I finished that book and promptly forgot all about it. And I didn’t even start the other book, which was all about quests—the only quest I was on was for a college degree; psychoanalysis could wait. But I did wonder if there were any more clues to be found in old comic books—I wondered this each time I passed the Eye of Horus, the walk-up comic book shop I’d long since heard about on State Street. Now that I knew which comic book title the Simpler Era Mugging Strong-Man and Tie-Dyed Tabby were in, I could look for more issues. One, day, I finally took the plunge and trod up the stairs.

It was a dim, grungy place with peeling posters and the smell of disintegrating pulp. There was a young Jewish guy who sat behind the counter filling out an order with his distributor, while one his fanboy customers prattled on about who was stronger, Bulky Guy or the Incredible Hogweed. There were a couple of spinner racks of underground comix—all about drugs and sex and gay sex and alternative politics, a vestige of Ann Arbor’s counter-cultural past—but mostly megaheroes and science fiction ruled the roost at Eye of Horus.

I was directed to boxes of back-issues set up on a folding table while the Bulky Guy-Hogweed symposium continued. Man, those guys sure could intellectualize about all those muscles. Jeez, get a room.

Seemed there were twelve issues of Off-Brand Yuck published. The store had four more issues, with covers—at moderately steep collector’s-item prices. I’d have to send away for the others, or go someplace where collectors meet, such as a comic book convention, a lifestyle which interested me even less than actual megaheroics.

But those additional issues provided me with a few clues. It seemed that one of the “Benighted Bullpen’s” favorite things to do was not only to make fun of real megaheroes, but to mix characters up in stories that could never otherwise happen, owing to the fact that certain characters were legally owned by different publishers. But Off-Brand Yuck was able to do it—comedically—by concocting improbable spoofs of well-known characters. I didn’t know who any of these characters were to begin with, so it was all highly confusing.

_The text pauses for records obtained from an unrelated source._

(* Let $q$ be a prime power and $0\le k\le n$. Let $1\le j\le n$ and let $\begin{pmatrix} v_j & \cdots & v_1\\ X_j & \cdots & X_1\end{pmatrix}$ be a $(k+1)\times j$ array which occurs as the first $j$ columns (columns $j,\dots,1$) of the extended representation $\mathrm{EXT}(Y)$ of at least one $Y\in\mathcal{G}_q(n,k)$. Let $w_j=\sum_{\ell=1}^{j}v_\ell$. Then the number $N\begin{pmatrix} v_j & \cdots & v_1\\ X_j & \cdots & X_1\end{pmatrix}$ of subspaces $X\in\mathcal{G}_q(n,k)$ whose extended representation has exactly these first $j$ columns equals $\left[\begin{smallmatrix} n-j\\ k-w_j\end{smallmatrix}\right]_q$.
   Context: $\mathbb{F}_q$ is the finite field of size $q$; its elements are identified with $\mathbb{Z}_q=\{0,\dots,q-1\}$ by a fixed bijection (with $0\mapsto 0$, $1\mapsto 1$). $\mathcal{G}_q(n,k)$ is the set of all $k$-dimensional subspaces of $\mathbb{F}_q^n$. The $q$-ary Gaussian coefficient is $\left[\begin{smallmatrix} n\\ k\end{smallmatrix}\right]_q=\prod_{i=0}^{k-1}\frac{q^{n-i}-1}{q^{k-i}-1}$, with $\left[\begin{smallmatrix} n\\ 0\end{smallmatrix}\right]_q=1$ and $\left[\begin{smallmatrix} n\\ k\end{smallmatrix}\right]_q=0$ if $k>n$ or $k<0$. For $X\in\mathcal{G}_q(n,k)$, $\mathrm{RE}(X)$ is the unique $k\times n$ matrix in reduced row echelon form whose rows span $X$; its columns are labelled $X_n,\dots,X_2,X_1$ from left to right (so $X_1$ is the rightmost column). The identifying vector $v(X)=(v(X)_n,\dots,v(X)_1)$ is the binary vector of weight $k$ with $v(X)_i=1$ iff column $X_i$ of $\mathrm{RE}(X)$ contains the leading one (pivot) of some row. The extended representation $\mathrm{EXT}(X)$ is the $(k+1)\times n$ matrix whose top row is $v(X)$ and whose remaining $k$ rows are $\mathrm{RE}(X)$; its $i$-th column is $\binom{v(X)_i}{X_i}$, and "the first $j$ columns" means the columns indexed $1,\dots,j$ (the rightmost $j$ columns). *)

theory Defs
  imports Complex_Main
begin

(* Vectors of F^n: functions nat => 'a supported on {1..n}; coordinate i is
   the entry in column X_i (column n is leftmost, column 1 rightmost). *)
definition vecs :: "nat \<Rightarrow> (nat \<Rightarrow> 'a::field) set" where
  "vecs n = {x. \<forall>i. i \<notin> {1..n} \<longrightarrow> x i = 0}"

definition row_span :: "nat \<Rightarrow> (nat \<Rightarrow> nat \<Rightarrow> 'a::field) \<Rightarrow> (nat \<Rightarrow> 'a) set" where
  "row_span k r = {x. \<exists>c. x = (\<lambda>i. \<Sum>t<k. c t * r t i)}"

definition lin_indep_rows :: "nat \<Rightarrow> (nat \<Rightarrow> nat \<Rightarrow> 'a::field) \<Rightarrow> bool" where
  "lin_indep_rows k r \<longleftrightarrow> (\<forall>c. (\<forall>i. (\<Sum>t<k. c t * r t i) = 0) \<longrightarrow> (\<forall>t<k. c t = 0))"

definition Grass :: "nat \<Rightarrow> nat \<Rightarrow> (nat \<Rightarrow> 'a::field) set set" where
  "Grass n k = {X. \<exists>r. (\<forall>t<k. r t \<in> vecs n) \<and> lin_indep_rows k r \<and> X = row_span k r}"

(* position of the leading one (leftmost nonzero entry = largest index) of a row *)
definition lead :: "(nat \<Rightarrow> 'a::zero) \<Rightarrow> nat" where
  "lead x = (GREATEST i. x i \<noteq> 0)"

(* M is a k x n matrix in reduced row echelon form (rows 0..k-1 from top,
   columns labelled n..1 from left to right); entries outside are zero. *)
definition rref :: "nat \<Rightarrow> nat \<Rightarrow> (nat \<Rightarrow> nat \<Rightarrow> 'a::field) \<Rightarrow> bool" where
  "rref n k M \<longleftrightarrow>
     (\<forall>t i. (t \<ge> k \<or> i \<notin> {1..n}) \<longrightarrow> M t i = 0) \<and>
     (\<forall>t<k. \<exists>i. M t i \<noteq> 0) \<and>
     (\<forall>t<k. M t (lead (M t)) = 1) \<and>
     (\<forall>s t. s < t \<and> t < k \<longrightarrow> lead (M t) < lead (M s)) \<and>
     (\<forall>s<k. \<forall>t<k. s \<noteq> t \<longrightarrow> M s (lead (M t)) = 0)"

definition RE :: "nat \<Rightarrow> nat \<Rightarrow> (nat \<Rightarrow> 'a::field) set \<Rightarrow> (nat \<Rightarrow> nat \<Rightarrow> 'a)" where
  "RE n k X = (THE M. rref n k M \<and> row_span k M = X)"

definition idv :: "nat \<Rightarrow> nat \<Rightarrow> (nat \<Rightarrow> 'a::field) set \<Rightarrow> nat \<Rightarrow> nat" where
  "idv n k X i = (if \<exists>t<k. lead (RE n k X t) = i then 1 else 0)"

(* EXT(X): column i is (v(X)_i, RE(X)_{0,i}, ..., RE(X)_{k-1,i}).
   "The first j columns of EXT(X) are (v, A)": *)
definition ext_first_cols ::
  "nat \<Rightarrow> nat \<Rightarrow> nat \<Rightarrow> (nat \<Rightarrow> 'a::field) set \<Rightarrow> (nat \<Rightarrow> nat) \<Rightarrow> (nat \<Rightarrow> nat \<Rightarrow> 'a) \<Rightarrow> bool" where
  "ext_first_cols n k j X v A \<longleftrightarrow>
     (\<forall>i\<in>{1..j}. idv n k X i = v i \<and> (\<forall>t<k. RE n k X t i = A t i))"

definition qbinom :: "nat \<Rightarrow> nat \<Rightarrow> int \<Rightarrow> real" where
  "qbinom q n k = (if k < 0 \<or> k > int n then 0
     else (\<Prod>i<nat k. (real q ^ (n - i) - 1) / (real q ^ (nat k - i) - 1)))"

end

theory Submission
  imports Defs
begin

But apparently Megaton Man—Mugging Strong-Man—visiting the Megatropolis Quartet—the Quibbling Quarrelsome Quorum—was just such an example of an otherwise impossible transgression, since Megaton Man was owned by one publisher and the Quartet by another. As the story had it, the two worlds or universes these characters occupied could only be traversed by use of the Logistical Lazy-Susan, a device that very much resembled the Time Turntable I’d seen in the Ann Street back yard.

Even more transgressive was the Tie-Dyed Tabby—whoever she was supposed to be—who was shown pairing off with a whole bunch of spoof megaheroes—among them Shaky Steve, whom the clerk at the comic shop later explained was supposed to be the Velour Vibrator; Captain Hookworm, who was a sly reference to Admiral Eel; and Spartacus Man, who was self-evidently a take-off on Roman Man. Avie was right; this was not the most flattering portrayal of a black female character. Come to think of it, it wasn’t Tabby’s behavior so much as the derisive remarks of the other characters, who end up shaming and shunning her for her romantic choices—presumably for laughs. It was definitely sexist and more than a little racist.

As dismaying as it was to see these backward gender roles depicted in a kid’s comic, even more distressing was the knowledge that plausible candidates for my biological father—the growing list of white, sometimes obscure megaheroes—seemed to have no end.